==== DATA FOR REVIEW ====

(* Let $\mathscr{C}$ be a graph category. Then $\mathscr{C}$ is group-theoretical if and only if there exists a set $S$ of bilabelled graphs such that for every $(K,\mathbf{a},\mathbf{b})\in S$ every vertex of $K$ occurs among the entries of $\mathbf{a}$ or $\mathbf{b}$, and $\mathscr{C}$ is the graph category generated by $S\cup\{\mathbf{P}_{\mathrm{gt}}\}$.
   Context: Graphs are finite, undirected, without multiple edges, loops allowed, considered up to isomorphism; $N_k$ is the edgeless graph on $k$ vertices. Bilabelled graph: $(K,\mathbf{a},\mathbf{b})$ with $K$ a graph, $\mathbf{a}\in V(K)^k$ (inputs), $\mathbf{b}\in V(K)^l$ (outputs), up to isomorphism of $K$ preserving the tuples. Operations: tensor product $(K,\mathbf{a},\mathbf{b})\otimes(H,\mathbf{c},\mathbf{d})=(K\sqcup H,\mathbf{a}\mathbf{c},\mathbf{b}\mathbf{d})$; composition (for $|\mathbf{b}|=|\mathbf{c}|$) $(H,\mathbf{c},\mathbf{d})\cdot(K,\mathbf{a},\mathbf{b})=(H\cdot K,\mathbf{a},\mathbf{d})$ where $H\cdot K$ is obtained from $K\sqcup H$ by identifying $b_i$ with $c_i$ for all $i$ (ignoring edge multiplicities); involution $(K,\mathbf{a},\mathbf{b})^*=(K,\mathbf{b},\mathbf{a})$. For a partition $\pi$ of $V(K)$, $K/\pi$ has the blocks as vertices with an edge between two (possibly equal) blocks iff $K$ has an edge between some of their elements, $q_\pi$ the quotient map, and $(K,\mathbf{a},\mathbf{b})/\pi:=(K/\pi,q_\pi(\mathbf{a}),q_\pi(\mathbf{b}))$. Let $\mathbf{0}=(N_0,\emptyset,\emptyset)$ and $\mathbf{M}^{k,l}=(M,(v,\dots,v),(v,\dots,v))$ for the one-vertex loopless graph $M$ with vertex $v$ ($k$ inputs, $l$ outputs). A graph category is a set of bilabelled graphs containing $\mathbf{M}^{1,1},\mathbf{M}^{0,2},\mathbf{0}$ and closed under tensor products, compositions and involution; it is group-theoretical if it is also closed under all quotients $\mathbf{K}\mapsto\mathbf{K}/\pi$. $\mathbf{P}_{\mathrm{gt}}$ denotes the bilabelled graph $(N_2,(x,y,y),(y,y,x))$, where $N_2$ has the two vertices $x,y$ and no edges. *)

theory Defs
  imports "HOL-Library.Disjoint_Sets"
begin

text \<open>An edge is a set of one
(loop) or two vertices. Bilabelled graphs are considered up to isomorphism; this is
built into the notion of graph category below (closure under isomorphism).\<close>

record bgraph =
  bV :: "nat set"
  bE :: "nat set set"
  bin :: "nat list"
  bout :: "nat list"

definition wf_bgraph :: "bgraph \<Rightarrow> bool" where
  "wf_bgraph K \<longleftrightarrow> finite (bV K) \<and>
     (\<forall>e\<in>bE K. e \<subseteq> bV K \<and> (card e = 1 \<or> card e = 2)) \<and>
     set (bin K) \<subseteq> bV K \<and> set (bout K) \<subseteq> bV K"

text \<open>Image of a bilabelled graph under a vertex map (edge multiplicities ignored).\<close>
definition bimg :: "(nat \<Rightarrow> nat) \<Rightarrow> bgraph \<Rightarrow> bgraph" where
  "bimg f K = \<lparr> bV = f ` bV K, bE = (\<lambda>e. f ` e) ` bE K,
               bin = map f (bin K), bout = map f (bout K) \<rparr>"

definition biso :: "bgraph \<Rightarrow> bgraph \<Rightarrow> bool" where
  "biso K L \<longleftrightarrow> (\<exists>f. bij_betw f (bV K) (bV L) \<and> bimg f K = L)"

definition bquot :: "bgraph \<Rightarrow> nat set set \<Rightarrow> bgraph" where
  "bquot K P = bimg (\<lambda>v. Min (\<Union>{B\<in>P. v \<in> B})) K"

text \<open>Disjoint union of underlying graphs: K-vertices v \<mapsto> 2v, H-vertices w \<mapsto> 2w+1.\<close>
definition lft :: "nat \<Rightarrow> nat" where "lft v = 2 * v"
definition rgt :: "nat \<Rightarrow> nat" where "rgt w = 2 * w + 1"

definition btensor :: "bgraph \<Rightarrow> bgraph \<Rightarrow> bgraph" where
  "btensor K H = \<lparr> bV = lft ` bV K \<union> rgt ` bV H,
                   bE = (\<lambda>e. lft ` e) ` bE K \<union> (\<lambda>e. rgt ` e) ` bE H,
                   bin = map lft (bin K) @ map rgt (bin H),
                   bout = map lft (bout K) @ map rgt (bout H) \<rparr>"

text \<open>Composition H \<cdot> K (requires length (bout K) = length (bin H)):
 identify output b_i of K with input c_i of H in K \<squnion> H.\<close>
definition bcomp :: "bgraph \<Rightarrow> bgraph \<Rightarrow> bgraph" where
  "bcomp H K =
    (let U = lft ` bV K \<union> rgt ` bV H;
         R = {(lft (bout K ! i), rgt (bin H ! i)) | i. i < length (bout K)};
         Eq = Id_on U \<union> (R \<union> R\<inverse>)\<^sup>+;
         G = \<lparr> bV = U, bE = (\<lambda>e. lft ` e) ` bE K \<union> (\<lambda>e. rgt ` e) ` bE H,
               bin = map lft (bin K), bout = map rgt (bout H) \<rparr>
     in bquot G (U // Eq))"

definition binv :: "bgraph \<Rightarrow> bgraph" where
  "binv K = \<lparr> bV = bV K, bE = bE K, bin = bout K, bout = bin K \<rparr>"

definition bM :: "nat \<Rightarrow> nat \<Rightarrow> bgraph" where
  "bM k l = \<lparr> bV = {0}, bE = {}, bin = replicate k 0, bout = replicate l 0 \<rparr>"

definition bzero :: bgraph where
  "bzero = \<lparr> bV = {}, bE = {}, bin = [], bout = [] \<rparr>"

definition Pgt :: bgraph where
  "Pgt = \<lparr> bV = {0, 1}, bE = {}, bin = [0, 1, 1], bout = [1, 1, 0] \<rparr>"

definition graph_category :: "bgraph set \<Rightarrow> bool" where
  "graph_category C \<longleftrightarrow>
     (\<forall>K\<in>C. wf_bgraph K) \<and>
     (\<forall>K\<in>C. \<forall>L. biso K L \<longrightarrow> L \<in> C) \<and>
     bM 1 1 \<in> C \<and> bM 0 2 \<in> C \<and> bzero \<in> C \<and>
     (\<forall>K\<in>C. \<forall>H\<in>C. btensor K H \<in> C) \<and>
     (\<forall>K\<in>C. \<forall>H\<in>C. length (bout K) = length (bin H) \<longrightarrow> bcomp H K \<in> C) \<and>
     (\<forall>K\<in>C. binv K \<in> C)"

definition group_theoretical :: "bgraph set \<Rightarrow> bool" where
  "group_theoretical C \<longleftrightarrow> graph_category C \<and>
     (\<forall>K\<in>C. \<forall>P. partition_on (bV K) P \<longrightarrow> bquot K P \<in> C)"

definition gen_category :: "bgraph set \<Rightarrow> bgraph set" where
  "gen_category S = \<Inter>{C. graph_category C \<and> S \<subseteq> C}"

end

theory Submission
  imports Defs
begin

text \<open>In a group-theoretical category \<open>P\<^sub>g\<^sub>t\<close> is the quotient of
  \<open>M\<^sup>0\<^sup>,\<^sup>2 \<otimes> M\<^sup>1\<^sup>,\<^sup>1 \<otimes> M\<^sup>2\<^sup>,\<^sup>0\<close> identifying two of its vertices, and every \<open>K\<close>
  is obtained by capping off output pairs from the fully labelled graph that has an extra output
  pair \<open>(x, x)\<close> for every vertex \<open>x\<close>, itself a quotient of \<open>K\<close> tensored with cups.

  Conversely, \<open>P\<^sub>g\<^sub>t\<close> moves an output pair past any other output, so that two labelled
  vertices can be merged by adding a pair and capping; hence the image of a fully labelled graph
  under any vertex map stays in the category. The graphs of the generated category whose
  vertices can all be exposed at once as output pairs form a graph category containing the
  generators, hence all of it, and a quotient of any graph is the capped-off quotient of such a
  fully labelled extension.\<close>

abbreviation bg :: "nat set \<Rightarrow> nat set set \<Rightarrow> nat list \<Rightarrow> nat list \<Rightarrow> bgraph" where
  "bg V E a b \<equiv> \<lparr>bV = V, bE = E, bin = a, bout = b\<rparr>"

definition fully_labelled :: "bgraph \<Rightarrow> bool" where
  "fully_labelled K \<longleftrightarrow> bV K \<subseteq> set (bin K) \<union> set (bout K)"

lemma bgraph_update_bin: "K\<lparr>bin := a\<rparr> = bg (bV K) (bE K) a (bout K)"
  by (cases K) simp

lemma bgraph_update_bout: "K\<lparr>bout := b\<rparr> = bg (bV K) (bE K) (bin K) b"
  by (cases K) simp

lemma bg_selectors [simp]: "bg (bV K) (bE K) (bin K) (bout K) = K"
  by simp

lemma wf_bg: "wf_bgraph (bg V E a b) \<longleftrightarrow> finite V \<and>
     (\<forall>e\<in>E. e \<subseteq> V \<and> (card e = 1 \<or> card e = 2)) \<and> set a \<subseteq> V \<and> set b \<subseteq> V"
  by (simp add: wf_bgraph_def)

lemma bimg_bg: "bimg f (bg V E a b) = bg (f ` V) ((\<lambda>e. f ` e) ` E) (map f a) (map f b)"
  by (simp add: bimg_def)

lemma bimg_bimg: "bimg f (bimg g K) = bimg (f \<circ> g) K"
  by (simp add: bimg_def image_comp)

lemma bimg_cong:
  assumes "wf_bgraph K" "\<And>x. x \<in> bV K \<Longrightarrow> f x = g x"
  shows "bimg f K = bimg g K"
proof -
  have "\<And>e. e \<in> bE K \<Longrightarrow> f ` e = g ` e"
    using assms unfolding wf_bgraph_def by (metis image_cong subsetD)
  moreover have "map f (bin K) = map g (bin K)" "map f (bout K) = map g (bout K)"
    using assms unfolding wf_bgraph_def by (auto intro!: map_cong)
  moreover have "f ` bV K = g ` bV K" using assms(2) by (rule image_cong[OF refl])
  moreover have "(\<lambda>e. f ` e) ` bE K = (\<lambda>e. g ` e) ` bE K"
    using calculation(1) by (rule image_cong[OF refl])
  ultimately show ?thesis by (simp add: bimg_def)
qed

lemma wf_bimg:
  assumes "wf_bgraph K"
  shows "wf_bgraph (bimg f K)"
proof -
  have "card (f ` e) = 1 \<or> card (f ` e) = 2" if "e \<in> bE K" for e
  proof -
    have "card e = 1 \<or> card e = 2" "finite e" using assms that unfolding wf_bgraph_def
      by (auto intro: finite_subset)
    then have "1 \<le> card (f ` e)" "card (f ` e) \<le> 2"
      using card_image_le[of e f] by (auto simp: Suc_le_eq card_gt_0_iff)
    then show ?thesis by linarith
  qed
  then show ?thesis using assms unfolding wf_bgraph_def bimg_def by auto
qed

====

ABOUT THIS TASK:
Copy each line above that has the word "unfolding".

RESULT OF THE EXERCISE:
    using assms unfolding wf_bgraph_def by (metis image_cong subsetD)
    using assms unfolding wf_bgraph_def by (auto intro!: map_cong)
    have "card e = 1 \<or> card e = 2" "finite e" using assms that unfolding wf_bgraph_def
  then show ?thesis using assms unfolding wf_bgraph_def bimg_def by auto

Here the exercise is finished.